Raith: „Den Autobahnfreunden gehen die Argumente aus“

Verkehrszählung des Bürgerforums im März 2014 an der B-224-Trasse.
Verkehrszählung des Bürgerforums im März 2014 an der B-224-Trasse.
Foto: WAZ FotoPool
Was wir bereits wissen
Gewählte Politiker würden Bürger mit Beschimpfungen brüskieren. Das sagt das Bürgerforum zu jüngsten Äußerungen von Mario Herrmann und Michael Gerdes.

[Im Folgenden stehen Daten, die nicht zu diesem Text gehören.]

(* Let $a\geq b>0$, $k\geq 1$ and $t>0$. Then \[ \frac{ka\gamma-b\gamma}{k}+\frac{b}{k}\ln k + \frac{a-b}{t}+a\psi(t)-b\psi_k(t)\geq 0 . \]
   Context: $\gamma$ denotes the Euler–Mascheroni constant and $\psi(t)=\Gamma'(t)/\Gamma(t)$ is the digamma function for $t>0$, where $\Gamma$ is Euler's Gamma function. For $k>0$ and $t>0$, the $k$-Gamma function is $\Gamma_k(t)=\int_0^\infty e^{-x^k/k}x^{t-1}\,dx$, and $\psi_k(t)=\frac{d}{dt}\ln\Gamma_k(t)=\Gamma_k'(t)/\Gamma_k(t)$. *)

theory Defs
  imports "HOL-Analysis.Analysis"
begin

definition Gamma_k :: "real \<Rightarrow> real \<Rightarrow> real" where
  "Gamma_k k t = integral {0<..} (\<lambda>x. exp (- (x powr k) / k) * x powr (t - 1))"

definition psi_k :: "real \<Rightarrow> real \<Rightarrow> real" where
  "psi_k k t = deriv (\<lambda>s. ln (Gamma_k k s)) t"

end

theory Submission
  imports Defs
begin

text \<open>Substituting \<open>u = x\<^sup>k / k\<close> in the defining integral gives
  \<open>\<Gamma>\<^sub>k(t) = k\<^bsup>t/k - 1\<^esup> \<Gamma>(t/k)\<close>, hence \<open>\<psi>\<^sub>k(t) = (ln k + \<psi>(t/k)) / k\<close>.
  With \<open>f(x) = \<gamma> + \<psi>(x + 1) = \<gamma> + \<psi>(x) + 1/x\<close> the left-hand side becomes
  \<open>a f(t) - (b/k) f(t/k)\<close>. Since \<open>\<psi>\<close> is nondecreasing on \<open>(0,\<infinity>)\<close> and \<open>\<psi>(1) = -\<gamma>\<close>,
  \<open>f\<close> is nonnegative and nondecreasing on \<open>[0,\<infinity>)\<close>, so
  \<open>(b/k) f(t/k) \<le> b f(t/k) \<le> b f(t) \<le> a f(t)\<close>.\<close>

lemma Gamma_real_has_integral_greaterThan:
  fixes s :: real
  assumes "s > 0"
  shows "((\<lambda>u. u powr (s - 1) / exp u) has_integral Gamma s) {0<..}"
proof -
  have "((\<lambda>u. u powr (s - 1) / exp u) has_integral Gamma s) {0..}"
    using Gamma_integral_real[OF assms] .
  hence "((\<lambda>u. if u \<in> {0<..} then u powr (s - 1) / exp u else 0) has_integral Gamma s) {0..}"
    by (rule has_integral_spike [of "{0}", rotated 2]) auto
  thus ?thesis
    by (subst (asm) has_integral_restrict) auto
qed

lemma bij_betw_powr_div_greaterThan:
  fixes k :: real
  assumes "k > 0"
  shows "bij_betw (\<lambda>x. x powr k / k) {0<..} {0<..}"
  by (rule bij_betw_byWitness[where f' = "\<lambda>u. (k * u) powr (1 / k)"])
     (use assms in \<open>auto simp: powr_powr powr_mult\<close>)

lemma has_integral_powr_substitution:
  fixes k I :: real and F :: "real \<Rightarrow> real"
  assumes k: "k > 0"
    and F: "(F has_integral I) {0<..}" "F absolutely_integrable_on {0<..}"
  shows "((\<lambda>x. x powr (k - 1) * F (x powr k / k)) has_integral I) {0<..}"
proof -
  let ?g = "\<lambda>x::real. x powr k / k"
  have "(?g has_field_derivative x powr (k - 1)) (at x within {0<..})" if "x \<in> {0<..}" for x
    using that k by (auto intro!: derivative_eq_intros)
  from has_absolute_integral_change_of_variables_1'[OF _ this]
  have "(\<lambda>x. \<bar>x powr (k - 1)\<bar> * F (?g x)) absolutely_integrable_on {0<..} \<and>
        integral {0<..} (\<lambda>x. \<bar>x powr (k - 1)\<bar> * F (?g x)) = I"
    using bij_betw_powr_div_greaterThan[OF k] F by (simp add: bij_betw_def integral_unique)
  thus ?thesis
    by (simp add: absolutely_integrable_on_def has_integral_integrable_integral)
qed

lemma Gamma_k_eq_Gamma:
  fixes k t :: real
  assumes k: "k > 0" and t: "t > 0"
  shows "Gamma_k k t = k powr (t / k - 1) * Gamma (t / k)"
proof -
  define s where "s = t / k"
  have s: "s > 0" using k t by (simp add: s_def)
  define F where "F = (\<lambda>u::real. k powr (s - 1) * (u powr (s - 1) / exp u))"
  have FI: "(F has_integral k powr (s - 1) * Gamma s) {0<..}"
    unfolding F_def by (intro has_integral_mult_right Gamma_real_has_integral_greaterThan s)
  have "F absolutely_integrable_on {0<..}"
    using FI by (intro nonnegative_absolutely_integrable_1) (auto simp: F_def has_integral_integrable)
  with FI have sub: "((\<lambda>x. x powr (k - 1) * F (x powr k / k))
                        has_integral k powr (s - 1) * Gamma s) {0<..}"
    by (intro has_integral_powr_substitution k)
  have integrand: "x powr (k - 1) * F (x powr k / k) = exp (- (x powr k) / k) * x powr (t - 1)"
    if "x \<in> {0<..}" for x
  proof -
    have x: "x > 0" using that by simp
    have "k * (s - 1) = t - k" using k by (simp add: s_def field_simps)
    hence "(x powr k / k) powr (s - 1) = x powr (t - k) / k powr (s - 1)"
      using x k by (simp add: powr_divide powr_powr)
    hence "x powr (k - 1) * F (x powr k / k) = x powr (k - 1) * x powr (t - k) / exp (x powr k / k)"
      using k by (simp add: F_def)
    also have "x powr (k - 1) * x powr (t - k) = x powr (t - 1)"
      using x by (simp add: powr_add[symmetric])
    finally show ?thesis
      by (simp add: exp_minus divide_inverse mult.commute)
  qed
  have "((\<lambda>x. exp (- (x powr k) / k) * x powr (t - 1))
           has_integral k powr (s - 1) * Gamma s) {0<..}"
    by (rule has_integral_eq[OF integrand sub])
  thus ?thesis
    unfolding Gamma_k_def s_def by (rule integral_unique)
qed

lemma psi_k_eq_Digamma:
  fixes k t :: real
  assumes k: "k > 0" and t: "t > 0"
  shows "psi_k k t = ln k / k + Digamma (t / k) / k"
proof -
  have "ln (Gamma_k k s) = (s / k - 1) * ln k + ln_Gamma (s / k)" if "s > 0" for s
  proof -
    have "Gamma (s / k) > 0" using that k by (intro Gamma_real_pos divide_pos_pos)
    hence "ln (Gamma_k k s) = ln (k powr (s / k - 1)) + ln (Gamma (s / k))"
      using that k by (simp add: Gamma_k_eq_Gamma ln_mult_pos)
    thus ?thesis
      using that k by (simp add: ln_powr ln_Gamma_real_pos)
  qed
  hence ev: "\<forall>\<^sub>F s in nhds t. ln (Gamma_k k s) = (s / k - 1) * ln k + ln_Gamma (s / k)"
    using eventually_nhds_in_open[of "{0<..}" t] t by (auto elim!: eventually_mono)
  have "((\<lambda>s. (s / k - 1) * ln k + ln_Gamma (s / k)) has_field_derivative
          ln k / k + Digamma (t / k) / k) (at t)"
    using k t by (auto intro!: derivative_eq_intros simp: field_simps)
  hence "((\<lambda>s. ln (Gamma_k k s)) has_field_derivative ln k / k + Digamma (t / k) / k) (at t)"
    by (rule DERIV_cong_ev[OF refl ev refl, THEN iffD2])
  thus ?thesis
    unfolding psi_k_def by (rule DERIV_imp_deriv)
qed

lemma euler_mascheroni_plus_Digamma_plus1_nonneg:
  fixes x :: real
  assumes "x \<ge> 0"
  shows "euler_mascheroni + Digamma (x + 1) \<ge> 0"
  using Digamma_real_mono[of 1 "x + 1"] assms by simp

theorem lemma3p5:
  fixes a b k t :: real
  assumes "a \<ge> b" "b > 0" "k \<ge> 1" "t > 0"
  shows "(k * a * euler_mascheroni - b * euler_mascheroni) / k + (b / k) * ln k
           + (a - b) / t + a * Digamma t - b * psi_k k t \<ge> 0"
proof -
  have k: "k > 0" using assms by simp
  define f where "f x = euler_mascheroni + Digamma (x + 1)" for x :: real
  have "f t = euler_mascheroni + Digamma t + 1 / t"
       "f (t / k) = euler_mascheroni + Digamma (t / k) + k / t"
    using assms k Digamma_plus1[of t] Digamma_plus1[of "t / k"] by (simp_all add: f_def)
  hence lhs: "(k * a * euler_mascheroni - b * euler_mascheroni) / k + (b / k) * ln k
           + (a - b) / t + a * Digamma t - b * psi_k k t = a * f t - (b / k) * f (t / k)"
    using k assms by (simp add: psi_k_eq_Digamma field_simps)
  have f_pos: "f (t / k) \<ge> 0"
    unfolding f_def using assms by (intro euler_mascheroni_plus_Digamma_plus1_nonneg) simp
  have f_mono: "f (t / k) \<le> f t"
    unfolding f_def using assms k by (simp add: Digamma_real_mono add_pos_nonneg divide_le_eq)
  have "(b / k) * f (t / k) \<le> b * f (t / k)"
    using f_pos assms k by (intro mult_right_mono) (auto simp: divide_le_eq)
  also have "\<dots> \<le> b * f t" using f_mono assms by (intro mult_left_mono) auto
  also have "\<dots> \<le> a * f t" using f_mono f_pos assms by (intro mult_right_mono) auto
  finally show ?thesis using lhs by simp
qed

end
lemma exists_unit_pair_closer:
  fixes l k :: "real^3"
  assumes "l \<bullet> l = 1" "k \<bullet> k = 1" "l \<bullet> k = g" "0 < g" "g < 1"
  obtains c c' where "c \<bullet> c = 1" "c' \<bullet> c' = 1" "c \<bullet> l = sqrt g" "c \<bullet> k = sqrt g"
    "c' \<bullet> l = sqrt g" "c' \<bullet> k = sqrt g" "c \<bullet> c' = (3 * g - 1) / (1 + g)"
proof -
  define r where "r = sqrt g"
  define s where "s = 1 / (1 + g)"
  have rr: "r * r = g" and s: "s * (1 + g) = 1"
    using assms(4) by (simp_all add: r_def s_def)
  have rs: "r * s + g * (r * s) = r"
    using s by (metis distrib_left mult.commute mult.left_commute mult_1_right)
  have ss: "s * s * ((1 + g) * (1 + g)) = 1"
    using s by (metis mult.assoc mult.left_commute mult_1_right)
  let ?c = "(s * r) *\<^sub>R l + (s * r) *\<^sub>R k + s *\<^sub>R cross3 l k"
  let ?c' = "(s * r) *\<^sub>R l + (s * r) *\<^sub>R k + (- s) *\<^sub>R cross3 l k"
  note coord = inner_cross3_coordinates[OF assms(1,2), unfolded assms(3)]
  have "?c \<bullet> l = r" "?c \<bullet> k = r" "?c' \<bullet> l = r" "?c' \<bullet> k = r"
    using rs by (simp_all only: coord) (simp_all add: algebra_simps)
  moreover have "?c \<bullet> ?c = s * s * ((1 + g) * (1 + g))" "?c' \<bullet> ?c' = s * s * ((1 + g) * (1 + g))"
    "?c \<bullet> ?c' = s * s * ((1 + g) * (3 * g - 1))"
    by (simp_all only: coord) (simp_all add: algebra_simps power2_eq_square flip: rr)
  moreover have "s * s * ((1 + g) * (3 * g - 1)) = s * (3 * g - 1) * (s * (1 + g))"
    by (simp add: algebra_simps)
  then have "s * s * ((1 + g) * (3 * g - 1)) = (3 * g - 1) / (1 + g)"
    using s by (simp add: s_def)
  ultimately show ?thesis
    using that[of ?c ?c'] ss unfolding r_def by simp
qed

lemma exists_unit_with_inner:
  fixes l k :: "real^3"
  assumes "l \<bullet> l = 1" "k \<bullet> k = 1" "l \<bullet> k = g" "0 < g" "g < d" "d < 1"
  obtains c where "c \<bullet> c = 1" "c \<bullet> l = d" "c \<bullet> k = g / d"
proof -
  define e where "e = 1 - g * g"
  define X where "X = (d * d - g * g) * (1 - d * d)"
  have "g * g < d * d" "d * d < 1" "g * g < 1"
    using mult_strict_mono[of g d g d] mult_strict_mono[of d 1 d 1] mult_strict_mono[of g 1 g 1]
      assms(4-6) by simp_all
  then have pos: "0 < d" "0 < e" "0 \<le> X"
    using assms(4-6) by (simp_all add: e_def X_def)
  define \<alpha> where "\<alpha> = (d * d - g * g) / (d * e)"
  define \<beta> where "\<beta> = g * (1 - d * d) / (d * e)"
  define \<gamma> where "\<gamma> = sqrt X / (d * e)"
  let ?c = "\<alpha> *\<^sub>R l + \<beta> *\<^sub>R k + \<gamma> *\<^sub>R cross3 l k"
  note coord = inner_cross3_coordinates[OF assms(1,2), unfolded assms(3)]
  have cl: "\<alpha> + \<beta> * g = d"
    using pos by (simp add: \<alpha>_def \<beta>_def field_simps) (simp add: e_def algebra_simps)
  have ck: "\<alpha> * g + \<beta> = g / d"
    using pos by (simp add: \<alpha>_def \<beta>_def field_simps) (simp add: e_def algebra_simps)
  have "?c \<bullet> ?c = \<alpha> * (\<alpha> + \<beta> * g) + \<beta> * (\<alpha> * g + \<beta>) + \<gamma> * \<gamma> * e"
    by (simp only: coord) (simp add: e_def algebra_simps power2_eq_square)
  also have "\<dots> = \<alpha> * d + \<beta> * (g / d) + X / (d * d * e)"
    using pos unfolding cl ck by (simp add: \<gamma>_def)
  also have "\<dots> = 1"
    using pos(1,2) by (simp add: \<alpha>_def \<beta>_def X_def field_simps) (simp add: e_def algebra_simps)
  finally show ?thesis
    using that[of ?c] cl ck by (simp only: coord)
qed

subsection \<open>Real frames in complex space\<close>

locale orthonormal_triple =
  fixes e1 e2 e3 :: "complex^'n"
  assumes orthonormal: "cinner e1 e1 = 1" "cinner e2 e2 = 1" "cinner e3 e3 = 1"
    "cinner e1 e2 = 0" "cinner e1 e3 = 0" "cinner e2 e3 = 0"
begin

definition embed :: "real^3 \<Rightarrow> complex^'n" where
  "embed v = of_real (v$1) *s e1 + of_real (v$2) *s e2 + of_real (v$3) *s e3"

definition ray :: "real^3 \<Rightarrow> (complex^'n) set" where
  "ray v = cline (embed v)"

definition frame_span :: "(complex^'n) set" where
  "frame_span = {embed p + \<i> *s embed q | p q. True}"

lemma embed_add: "embed (v + w) = embed v + embed w"
  by (simp add: embed_def vector_sadd_rdistrib algebra_simps)

lemma embed_scaleR: "embed (t *\<^sub>R v) = of_real t *s embed v"
  by (simp add: embed_def vector_add_ldistrib vector_smult_assoc)

lemma cinner_embed: "cinner (embed v) (embed w) = of_real (v \<bullet> w)"
proof -
  have "cinner e2 e1 = 0" "cinner e3 e1 = 0" "cinner e3 e2 = 0"
    using orthonormal by (simp_all add: cinner_eq_0_commute)
  then show ?thesis
    using orthonormal by (simp add: embed_def cinner_add_left cinner_add_right cinner_smult_left
        cinner_smult_right inner_vec_def sum_3)
qed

Gladbeck..  „Offenbar gehen den Autobahnfreunden unter unseren Politikern die Argumente aus!“ Das erklärt Bürgerforum-Chef Matthias Raith mit Blick auf die jüngsten A-52-Stellungnahmen von Mario Herrmann (Grüne) und Michael Gerdes (SPD)

Raith weiter: „Mit ihren diskreditierenden Äußerungen verfolgen sie handfeste Absichten. Durch Verschleierung der echten Kosten wollen sie in den anstehenden Beratungen zum Bundesverkehrswegeplan eine günstige Kosten-/Nutzen-Analyse erreichen. Das ist Voraussetzung für die Aufnahme in den vordringlichen Bedarf und damit für den Bau überhaupt.“

In einem Schreiben an den Bundestagsabgeordneten Michael Gerdes unterstreicht Raith, dass die Kostenschätzung des Bürgerforums in Höhe von 510 Millionen Euro für einen A-52-Tunnel durch Gladbeck auf ihm vertraulich vorgelegten Abrechnungen der Kosten für den Düsseldorfer Rheintunnel im Verlauf der Bundesstraße 1 und für den Werstener Tunnel im Verlauf der A 46 beruhten. Man habe die dort dokumentierten Kosten an die in Gladbeck erforderlichen, bautechnischen Gegebenheiten angepasst.

Dabei sei man von einer für Gladbeck erforderlichen Tunnellänge von 2,6 km ausgegangen, weil nur diese Tunnellänge genügend Schutz für die Bevölkerung biete. Die etwa von Sven Volmering (CDU) benannte Kostenschätzung von 130 Millionen Euro beziehe sich auf die längst überholte, baulich wie rechtlich nicht mehr machbare Galerie-Lösung von 1,5 km. Man versuche damit, Äpfel mit Birnen zu vergleichen.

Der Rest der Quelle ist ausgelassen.